** What you are asked to do **
Reproduce the listing below word for word.

** Data listing **
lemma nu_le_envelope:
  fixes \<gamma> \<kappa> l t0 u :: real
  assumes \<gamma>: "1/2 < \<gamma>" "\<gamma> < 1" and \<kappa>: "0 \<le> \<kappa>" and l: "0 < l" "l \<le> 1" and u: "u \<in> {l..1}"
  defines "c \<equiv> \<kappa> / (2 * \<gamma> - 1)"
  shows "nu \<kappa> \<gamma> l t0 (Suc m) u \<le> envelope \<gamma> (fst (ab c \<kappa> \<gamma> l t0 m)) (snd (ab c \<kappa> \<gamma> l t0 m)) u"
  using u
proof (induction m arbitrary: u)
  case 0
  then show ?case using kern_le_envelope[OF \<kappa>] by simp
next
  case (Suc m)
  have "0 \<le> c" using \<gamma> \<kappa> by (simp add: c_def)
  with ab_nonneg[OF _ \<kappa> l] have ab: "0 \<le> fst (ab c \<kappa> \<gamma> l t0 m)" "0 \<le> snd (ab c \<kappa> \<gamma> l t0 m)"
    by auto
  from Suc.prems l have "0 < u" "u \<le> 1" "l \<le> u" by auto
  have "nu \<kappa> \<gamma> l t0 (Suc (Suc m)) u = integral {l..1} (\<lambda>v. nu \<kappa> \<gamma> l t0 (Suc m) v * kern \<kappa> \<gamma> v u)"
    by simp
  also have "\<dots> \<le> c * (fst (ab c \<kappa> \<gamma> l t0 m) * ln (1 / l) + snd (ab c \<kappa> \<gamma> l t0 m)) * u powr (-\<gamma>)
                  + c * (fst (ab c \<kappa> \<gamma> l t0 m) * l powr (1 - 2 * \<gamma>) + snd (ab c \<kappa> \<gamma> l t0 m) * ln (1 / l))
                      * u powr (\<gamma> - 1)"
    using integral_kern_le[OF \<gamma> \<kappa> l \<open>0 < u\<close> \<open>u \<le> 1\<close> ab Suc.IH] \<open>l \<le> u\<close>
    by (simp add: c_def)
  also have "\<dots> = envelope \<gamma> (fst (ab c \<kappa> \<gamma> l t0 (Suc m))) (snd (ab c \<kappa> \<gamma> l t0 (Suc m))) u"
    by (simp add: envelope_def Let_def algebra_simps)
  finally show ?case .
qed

** Answer space **
lemma nu_le_envelope:
  fixes \<gamma> \<kappa> l t0 u :: real
  assumes \<gamma>: "1/2 < \<gamma>" "\<gamma> < 1" and \<kappa>: "0 \<le> \<kappa>" and l: "0 < l" "l \<le> 1" and u: "u \<in> {l..1}"
  defines "c \<equiv> \<kappa> / (2 * \<gamma> - 1)"
  shows "nu \<kappa> \<gamma> l t0 (Suc m) u \<le> envelope \<gamma> (fst (ab c \<kappa> \<gamma> l t0 m)) (snd (ab c \<kappa> \<gamma> l t0 m)) u"
  using u
proof (induction m arbitrary: u)
  case 0
  then show ?case using kern_le_envelope[OF \<kappa>] by simp
next
  case (Suc m)
  have "0 \<le> c" using \<gamma> \<kappa> by (simp add: c_def)
  with ab_nonneg[OF _ \<kappa> l] have ab: "0 \<le> fst (ab c \<kappa> \<gamma> l t0 m)" "0 \<le> snd (ab c \<kappa> \<gamma> l t0 m)"
    by auto
  from Suc.prems l have "0 < u" "u \<le> 1" "l \<le> u" by auto
  have "nu \<kappa> \<gamma> l t0 (Suc (Suc m)) u = integral {l..1} (\<lambda>v. nu \<kappa> \<gamma> l t0 (Suc m) v * kern \<kappa> \<gamma> v u)"
    by simp
  also have "\<dots> \<le> c * (fst (ab c \<kappa> \<gamma> l t0 m) * ln (1 / l) + snd (ab c \<kappa> \<gamma> l t0 m)) * u powr (-\<gamma>)
                  + c * (fst (ab c \<kappa> \<gamma> l t0 m) * l powr (1 - 2 * \<gamma>) + snd (ab c \<kappa> \<gamma> l t0 m) * ln (1 / l))
                      * u powr (\<gamma> - 1)"
    using integral_kern_le[OF \<gamma> \<kappa> l \<open>0 < u\<close> \<open>u \<le> 1\<close> ab Suc.IH] \<open>l \<le> u\<close>
    by (simp add: c_def)
  also have "\<dots> = envelope \<gamma> (fst (ab c \<kappa> \<gamma> l t0 (Suc m))) (snd (ab c \<kappa> \<gamma> l t0 (Suc m))) u"
    by (simp add: envelope_def Let_def algebra_simps)
  finally show ?case .
qed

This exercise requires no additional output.